Stored data entries:

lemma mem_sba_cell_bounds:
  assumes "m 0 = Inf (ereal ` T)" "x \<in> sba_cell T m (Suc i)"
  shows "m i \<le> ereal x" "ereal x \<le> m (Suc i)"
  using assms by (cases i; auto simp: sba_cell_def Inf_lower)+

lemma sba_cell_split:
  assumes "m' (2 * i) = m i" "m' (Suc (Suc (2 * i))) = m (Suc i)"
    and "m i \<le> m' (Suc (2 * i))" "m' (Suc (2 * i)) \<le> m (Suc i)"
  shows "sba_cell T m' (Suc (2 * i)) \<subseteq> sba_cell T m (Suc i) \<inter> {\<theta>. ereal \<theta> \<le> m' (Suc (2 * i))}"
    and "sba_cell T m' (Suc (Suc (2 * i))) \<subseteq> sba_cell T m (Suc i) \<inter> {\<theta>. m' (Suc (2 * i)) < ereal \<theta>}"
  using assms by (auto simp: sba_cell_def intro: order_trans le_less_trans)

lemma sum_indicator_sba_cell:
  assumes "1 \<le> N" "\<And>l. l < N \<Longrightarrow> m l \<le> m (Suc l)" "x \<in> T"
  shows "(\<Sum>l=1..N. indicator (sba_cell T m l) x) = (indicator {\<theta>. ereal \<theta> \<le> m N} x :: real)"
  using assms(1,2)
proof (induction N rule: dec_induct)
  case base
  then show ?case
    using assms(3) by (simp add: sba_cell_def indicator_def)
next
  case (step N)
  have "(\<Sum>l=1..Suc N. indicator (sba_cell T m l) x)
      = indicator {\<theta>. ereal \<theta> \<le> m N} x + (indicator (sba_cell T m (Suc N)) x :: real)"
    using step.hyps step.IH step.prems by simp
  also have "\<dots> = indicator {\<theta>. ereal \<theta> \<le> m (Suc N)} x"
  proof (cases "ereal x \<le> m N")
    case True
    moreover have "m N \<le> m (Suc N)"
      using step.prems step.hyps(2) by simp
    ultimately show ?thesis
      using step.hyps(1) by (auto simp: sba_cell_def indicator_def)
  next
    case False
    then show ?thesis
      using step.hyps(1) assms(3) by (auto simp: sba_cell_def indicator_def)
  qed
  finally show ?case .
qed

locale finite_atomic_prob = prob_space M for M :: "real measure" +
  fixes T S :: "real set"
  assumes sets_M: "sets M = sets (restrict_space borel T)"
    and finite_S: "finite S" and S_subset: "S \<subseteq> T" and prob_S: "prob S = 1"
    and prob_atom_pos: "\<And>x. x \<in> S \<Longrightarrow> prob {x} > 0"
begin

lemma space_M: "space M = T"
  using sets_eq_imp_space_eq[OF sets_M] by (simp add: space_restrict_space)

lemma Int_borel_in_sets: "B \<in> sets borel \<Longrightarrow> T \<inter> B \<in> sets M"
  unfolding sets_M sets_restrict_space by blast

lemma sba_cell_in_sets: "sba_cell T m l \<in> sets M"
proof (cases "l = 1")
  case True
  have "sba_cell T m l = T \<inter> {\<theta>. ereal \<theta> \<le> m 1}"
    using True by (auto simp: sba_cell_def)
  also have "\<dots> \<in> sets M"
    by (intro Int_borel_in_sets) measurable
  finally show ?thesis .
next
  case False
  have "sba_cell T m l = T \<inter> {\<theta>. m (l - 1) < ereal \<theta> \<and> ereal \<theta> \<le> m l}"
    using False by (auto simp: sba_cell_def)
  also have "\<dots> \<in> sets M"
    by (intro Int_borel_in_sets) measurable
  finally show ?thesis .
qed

▸ **What the task requires**
Give back the records above, character for character.

▸ **Task answer**
lemma mem_sba_cell_bounds:
  assumes "m 0 = Inf (ereal ` T)" "x \<in> sba_cell T m (Suc i)"
  shows "m i \<le> ereal x" "ereal x \<le> m (Suc i)"
  using assms by (cases i; auto simp: sba_cell_def Inf_lower)+

lemma sba_cell_split:
  assumes "m' (2 * i) = m i" "m' (Suc (Suc (2 * i))) = m (Suc i)"
    and "m i \<le> m' (Suc (2 * i))" "m' (Suc (2 * i)) \<le> m (Suc i)"
  shows "sba_cell T m' (Suc (2 * i)) \<subseteq> sba_cell T m (Suc i) \<inter> {\<theta>. ereal \<theta> \<le> m' (Suc (2 * i))}"
    and "sba_cell T m' (Suc (Suc (2 * i))) \<subseteq> sba_cell T m (Suc i) \<inter> {\<theta>. m' (Suc (2 * i)) < ereal \<theta>}"
  using assms by (auto simp: sba_cell_def intro: order_trans le_less_trans)

lemma sum_indicator_sba_cell:
  assumes "1 \<le> N" "\<And>l. l < N \<Longrightarrow> m l \<le> m (Suc l)" "x \<in> T"
  shows "(\<Sum>l=1..N. indicator (sba_cell T m l) x) = (indicator {\<theta>. ereal \<theta> \<le> m N} x :: real)"
  using assms(1,2)
proof (induction N rule: dec_induct)
  case base
  then show ?case
    using assms(3) by (simp add: sba_cell_def indicator_def)
next
  case (step N)
  have "(\<Sum>l=1..Suc N. indicator (sba_cell T m l) x)
      = indicator {\<theta>. ereal \<theta> \<le> m N} x + (indicator (sba_cell T m (Suc N)) x :: real)"
    using step.hyps step.IH step.prems by simp
  also have "\<dots> = indicator {\<theta>. ereal \<theta> \<le> m (Suc N)} x"
  proof (cases "ereal x \<le> m N")
    case True
    moreover have "m N \<le> m (Suc N)"
      using step.prems step.hyps(2) by simp
    ultimately show ?thesis
      using step.hyps(1) by (auto simp: sba_cell_def indicator_def)
  next
    case False
    then show ?thesis
      using step.hyps(1) assms(3) by (auto simp: sba_cell_def indicator_def)
  qed
  finally show ?case .
qed

locale finite_atomic_prob = prob_space M for M :: "real measure" +
  fixes T S :: "real set"
  assumes sets_M: "sets M = sets (restrict_space borel T)"
    and finite_S: "finite S" and S_subset: "S \<subseteq> T" and prob_S: "prob S = 1"
    and prob_atom_pos: "\<And>x. x \<in> S \<Longrightarrow> prob {x} > 0"
begin

lemma space_M: "space M = T"
  using sets_eq_imp_space_eq[OF sets_M] by (simp add: space_restrict_space)

lemma Int_borel_in_sets: "B \<in> sets borel \<Longrightarrow> T \<inter> B \<in> sets M"
  unfolding sets_M sets_restrict_space by blast

lemma sba_cell_in_sets: "sba_cell T m l \<in> sets M"
proof (cases "l = 1")
  case True
  have "sba_cell T m l = T \<inter> {\<theta>. ereal \<theta> \<le> m 1}"
    using True by (auto simp: sba_cell_def)
  also have "\<dots> \<in> sets M"
    by (intro Int_borel_in_sets) measurable
  finally show ?thesis .
next
  case False
  have "sba_cell T m l = T \<inter> {\<theta>. m (l - 1) < ereal \<theta> \<and> ereal \<theta> \<le> m l}"
    using False by (auto simp: sba_cell_def)
  also have "\<dots> \<in> sets M"
    by (intro Int_borel_in_sets) measurable
  finally show ?thesis .
qed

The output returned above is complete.